═══ Data under study
lemma truthful_Imp:
  assumes B: "hintikka B" and IH: "truthful B \<phi>" "truthful B \<psi>"
  shows "truthful B (Imp \<phi> \<psi>)"
  unfolding truthful_def
proof (intro allI conjI impI)
  fix x
  assume x: "TN (Imp \<phi> \<psi>) x \<in> B"
  then have rx: "rep B x = x"
    by (intro rep_lbls lbls_TN)
  show "can_sat B x (Imp \<phi> \<psi>)"
  proof (clarsimp)
    fix y z
    assume yz: "can_R B x y z" and "can_sat B y \<phi>"
    show "can_sat B z \<psi>"
    proof (cases "x = L 0")
      case True
      with yz rx have "z = y" "world B y"
        by (auto simp: can_R_def)
      define r where "r = rep B y"
      \<comment> \<open>the normal state relates every state to itself; Normality puts the matching
        triple on the branch\<close>
      have "R3 (L 0) r r \<in> B"
        using hintikka_fulfilled[OF B, of "Norm r"] world_rep[OF \<open>world B y\<close>] by (simp add: r_def)
      then have "FN \<phi> r \<in> B \<or> TN \<psi> r \<in> B"
        using hintikka_fulfilled[OF B, of "TImp \<phi> \<psi> x r r"] x True by simp
      with IH \<open>can_sat B y \<phi>\<close> show ?thesis
        using can_sat_rep[OF \<open>world B y\<close>] \<open>z = y\<close> by (auto simp: truthful_def r_def)
    next
      case False
      with yz rx have "R3 x y z \<in> B"
        by (simp add: can_R_def)
      then have "FN \<phi> y \<in> B \<or> TN \<psi> z \<in> B"
        using hintikka_fulfilled[OF B, of "TImp \<phi> \<psi> x y z"] x by simp
      with IH \<open>can_sat B y \<phi>\<close> show ?thesis
        by (auto simp: truthful_def)
    qed
  qed
next
  fix x
  assume x: "FN (Imp \<phi> \<psi>) x \<in> B"
  then obtain j k where jk: "R3 x (L j) (L k) \<in> B" "TN \<phi> (L j) \<in> B" "FN \<psi> (L k) \<in> B"
    "x = L 0 \<longrightarrow> j = k"
    using hintikka_fulfilled[OF B, of "FImp \<phi> \<psi> x"] by auto
  have "can_R B x (L j) (L k)"
    using jk lbls_FN[OF x] by (auto simp: can_R_def rep_lbls world_lbls dest: lbls_TN)
  with IH jk show "\<not> can_sat B x (Imp \<phi> \<psi>)"
    by (auto simp: truthful_def)
qed

lemma truthful_CImp:
  assumes B: "hintikka B" and IH: "truthful B \<phi>" "truthful B \<psi>"
  shows "truthful B (CImp \<phi> \<psi>)"
  unfolding truthful_def
proof (intro allI conjI impI)
  fix x
  assume x: "TN (CImp \<phi> \<psi>) x \<in> B"
  then have rx: "rep B x = x" and "x \<in> lbls B"
    by (auto intro: rep_lbls lbls_TN)
  have "TN \<psi> y \<in> B" if "RelF x \<phi> y \<in> B" for y
    using hintikka_fulfilled[OF B, of "TCImp \<phi> \<psi> x y"] x that by simp
  moreover have "TN \<psi> x \<in> B" if "can_sat B x \<phi>"
  proof -
    \<comment> \<open>Cut decides \<open>\<phi>\<close> at \<open>x\<close> and, if \<open>\<phi>\<close> is true, supplies the reflexive pair\<close>
    have "FN \<phi> x \<in> B \<or> RelF x \<phi> x \<in> B"
      using hintikka_fulfilled[OF B, of "Cut \<phi> x"] x \<open>x \<in> lbls B\<close> by auto
    with IH(1) that \<open>RelF x \<phi> x \<in> B \<Longrightarrow> TN \<psi> x \<in> B\<close> show ?thesis
      by (auto simp: truthful_def)
  qed
  ultimately show "can_sat B x (CImp \<phi> \<psi>)"
    using IH(2) rx by (auto simp: can_RF_def truthful_def)
next
  fix x
  assume x: "FN (CImp \<phi> \<psi>) x \<in> B"
  then obtain j where "RelF x \<phi> (L j) \<in> B" "FN \<psi> (L j) \<in> B"
    using hintikka_fulfilled[OF B, of "FCImp \<phi> \<psi> x"] by auto
  with IH(2) lbls_FN[OF x] show "\<not> can_sat B x (CImp \<phi> \<psi>)"
    by (auto simp: truthful_def can_RF_def rep_lbls world_lbls)
qed

lemma truthful_Just:
  assumes B: "hintikka B" and IH: "truthful B \<phi>"
  shows "truthful B (Just t \<phi>)"
  unfolding truthful_def
proof (intro allI conjI impI)
  fix x
  assume x: "TN (Just t \<phi>) x \<in> B"
  have "TN \<phi> y \<in> B" if "RelT x t y \<in> B" for y
    using hintikka_fulfilled[OF B, of "TJust t \<phi> x y"] x that by simp
  with IH lbls_TN[OF x] show "can_sat B x (Just t \<phi>)"
    by (auto simp: truthful_def can_RT_def rep_lbls)
next
  fix x
  assume x: "FN (Just t \<phi>) x \<in> B"
  then obtain j where "RelT x t (L j) \<in> B" "FN \<phi> (L j) \<in> B"
    using hintikka_fulfilled[OF B, of "FJust t \<phi> x"] by auto
  with IH lbls_FN[OF x] show "\<not> can_sat B x (Just t \<phi>)"
    by (auto simp: truthful_def can_RT_def rep_lbls world_lbls)
qed

lemma truth_lemma: "hintikka B \<Longrightarrow> truthful B \<phi>"
  by (induction \<phi>)
    (simp_all add: truthful_Atom truthful_Neg truthful_Conj truthful_Imp truthful_CImp truthful_Just)

fun lbl_encode :: "lbl \<Rightarrow> nat" where
  "lbl_encode (L i) = 2 * i"
| "lbl_encode (S i) = 2 * i + 1"

definition lbl_decode :: "nat \<Rightarrow> lbl" where
  "lbl_decode n = (if even n then L (n div 2) else S (n div 2))"

lemma lbl_decode_encode [simp]: "lbl_decode (lbl_encode x) = x"
  by (cases x) (simp_all add: lbl_decode_def)

lemma lbl_encode_decode [simp]: "lbl_encode (lbl_decode n) = n"
  by (simp add: lbl_decode_def)

lemma lbl_decode_0 [simp]: "lbl_decode 0 = L 0"
  by (simp add: lbl_decode_def)

lemma all_lbl_decode: "(\<forall>n. P (lbl_decode n)) \<longleftrightarrow> (\<forall>x. P x)"
  by (metis lbl_decode_encode)

lemma lbl_decode_eq_iff [simp]: "lbl_decode m = lbl_decode n \<longleftrightarrow> m = n"
  by (metis lbl_encode_decode)

definition canonical_model :: "node set \<Rightarrow> nat rmodel" where
  "canonical_model B =
     \<lparr>W = {w. world B (lbl_decode w)},
      WN = {lbl_encode (L 0)},
      R = (\<lambda>w v u. can_R B (lbl_decode w) (lbl_decode v) (lbl_decode u)),
      RF = (\<lambda>\<phi> w v. can_RF B \<phi> (lbl_decode w) (lbl_decode v) \<or>
              (v = w \<and> world B (lbl_decode w) \<and> can_sat B (lbl_decode w) \<phi>)),
      RT = (\<lambda>t w v. can_RT B t (lbl_decode w) (lbl_decode v)),
      st = (\<lambda>w. lbl_encode (bar (lbl_decode w))),
      V = (\<lambda>p. {w. can_V B p (lbl_decode w)})\<rparr>"

lemma sat_canonical_model: "sat (canonical_model B) w \<phi> \<longleftrightarrow> can_sat B (lbl_decode w) \<phi>"
  by (induction \<phi> arbitrary: w) (simp_all add: canonical_model_def all_lbl_decode[symmetric])

lemma world_node_lbls: "n \<in> B \<Longrightarrow> x \<in> node_lbls n \<Longrightarrow> world B x"
  by (auto simp: world_def intro: in_lblsI)

lemma world_bar [simp]: "world B (bar x) = world B x"
  by (auto simp: world_def)

lemma can_R_world: "can_R B x y z \<Longrightarrow> world B x \<and> world B y \<and> world B z"
  using world_node_lbls[of "R3 (rep B x) y z" B] by (auto simp: can_R_def split: if_splits)

lemma can_RF_world: "can_RF B \<phi> x y \<Longrightarrow> world B x \<and> world B y"
  using world_node_lbls[of "RelF (rep B x) \<phi> y" B] by (auto simp: can_RF_def)

lemma can_RT_world: "can_RT B t x y \<Longrightarrow> world B x \<and> world B y"
  using world_node_lbls[of "RelT (rep B x) t y" B] by (auto simp: can_RT_def)

lemma can_R_normal: "L 0 \<in> lbls B \<Longrightarrow> can_R B (L 0) y z \<longleftrightarrow> world B y \<and> y = z"
  by (simp add: can_R_def rep_lbls world_lbls)

lemma routley_canonical_model:
  assumes "L 0 \<in> lbls B"
  shows "routley_model (canonical_model B)"
  unfolding routley_model_def
proof (intro conjI)
  have "world B (L 0)"
    using assms by (rule world_lbls)
  then show "W (canonical_model B) \<noteq> {}"
    by (auto simp: canonical_model_def intro!: exI[of _ 0])
  show "\<forall>w\<in>WN (canonical_model B). \<forall>v\<in>W (canonical_model B). \<forall>u\<in>W (canonical_model B).
      R (canonical_model B) w v u \<longleftrightarrow> v = u"
    using assms by (auto simp: canonical_model_def can_R_normal)
qed (use assms world_lbls can_R_world can_RF_world can_RT_world in
      \<open>auto simp: canonical_model_def can_V_def\<close>)
(* Let $N\ge1$, $K_{des}>0$, and let $\Omega_P,\Omega_S\subset[0,\pi]$ be disjoint nonempty closed sets, each a finite union of closed intervals of positive length. With $\Delta_{P,res}(K)$ as defined below, and $$\Delta_P(K)=\frac{8K_{des}^2K}{K^2+16K_{des}^4-8K_{des}^2},$$ there exists exactly one $K\ge 4K_{des}(K_{des}+1)$ such that $\Delta_{P,res}(K)=\Delta_P(K)$. Moreover, on $[4K_{des}(K_{des}+1),\infty)$ one has $\Delta_{P,res}(K)<\Delta_P(K)$ for $K$ smaller than this value and $\Delta_{P,res}(K)>\Delta_P(K)$ for $K$ larger than it.
   Context: Let $D(\omega)=1$ on $\Omega_P$ and $D(\omega)=0$ on $\Omega_S$. For $K>0$ let $W_K(\omega)=1$ on $\Omega_P$ and $W_K(\omega)=K$ on $\Omega_S$, and $$\Delta_{P,res}(K)=\min_{c_0,\dots,c_N\in\mathbb{R}}\ \max_{\omega\in\Omega_P\cup\Omega_S}\Bigl|W_K(\omega)\Bigl(\sum_{n=0}^N c_n\cos(n\omega)-D(\omega)\Bigr)\Bigr|,$$ the minimax weighted error of the optimal even-symmetric (zero-phase) sequence of order $2N$ approximating $D$ with weight $W_K$. *)

theory Defs
  imports "HOL-Analysis.Analysis"
begin

definition band_set :: "real set \<Rightarrow> bool" where
  "band_set \<Omega> \<longleftrightarrow> \<Omega> \<subseteq> {0..pi} \<and>
     (\<exists>I :: (real \<times> real) set. finite I \<and> I \<noteq> {} \<and> (\<forall>(a,b)\<in>I. a < b) \<and>
        \<Omega> = (\<Union>(a,b)\<in>I. {a..b}))"

definition Dresp :: "real set \<Rightarrow> real \<Rightarrow> real" where
  "Dresp \<Omega>P \<omega> = (if \<omega> \<in> \<Omega>P then 1 else 0)"

definition Wweight :: "real set \<Rightarrow> real \<Rightarrow> real \<Rightarrow> real" where
  "Wweight \<Omega>P K \<omega> = (if \<omega> \<in> \<Omega>P then 1 else K)"

definition DeltaPres :: "nat \<Rightarrow> real set \<Rightarrow> real set \<Rightarrow> real \<Rightarrow> real" where
  "DeltaPres N \<Omega>P \<Omega>S K =
     (INF c :: nat \<Rightarrow> real. SUP \<omega> \<in> \<Omega>P \<union> \<Omega>S.
        \<bar>Wweight \<Omega>P K \<omega> * ((\<Sum>n\<le>N. c n * cos (real n * \<omega>)) - Dresp \<Omega>P \<omega>)\<bar>)"

definition DeltaP :: "real \<Rightarrow> real \<Rightarrow> real" where
  "DeltaP Kdes K = 8 * Kdes^2 * K / (K^2 + 16 * Kdes^4 - 8 * Kdes^2)"

end

theory Submission
  imports Defs "HOL-Computational_Algebra.Polynomial" "HOL-Real_Asymp.Real_Asymp"
begin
══════
§ **Work task**
Only the lines of the data holding the string "where" are wanted; copy each of them.

§ **Reply**
      define r where "r = rep B y"
  then obtain j k where jk: "R3 x (L j) (L k) \<in> B" "TN \<phi> (L j) \<in> B" "FN \<psi> (L k) \<in> B"
  then obtain j where "RelF x \<phi> (L j) \<in> B" "FN \<psi> (L j) \<in> B"
  then obtain j where "RelT x t (L j) \<in> B" "FN \<phi> (L j) \<in> B"
fun lbl_encode :: "lbl \<Rightarrow> nat" where
definition lbl_decode :: "nat \<Rightarrow> lbl" where
definition canonical_model :: "node set \<Rightarrow> nat rmodel" where
definition band_set :: "real set \<Rightarrow> bool" where
definition Dresp :: "real set \<Rightarrow> real \<Rightarrow> real" where
definition Wweight :: "real set \<Rightarrow> real \<Rightarrow> real \<Rightarrow> real" where
definition DeltaPres :: "nat \<Rightarrow> real set \<Rightarrow> real set \<Rightarrow> real \<Rightarrow> real" where
definition DeltaP :: "real \<Rightarrow> real \<Rightarrow> real" where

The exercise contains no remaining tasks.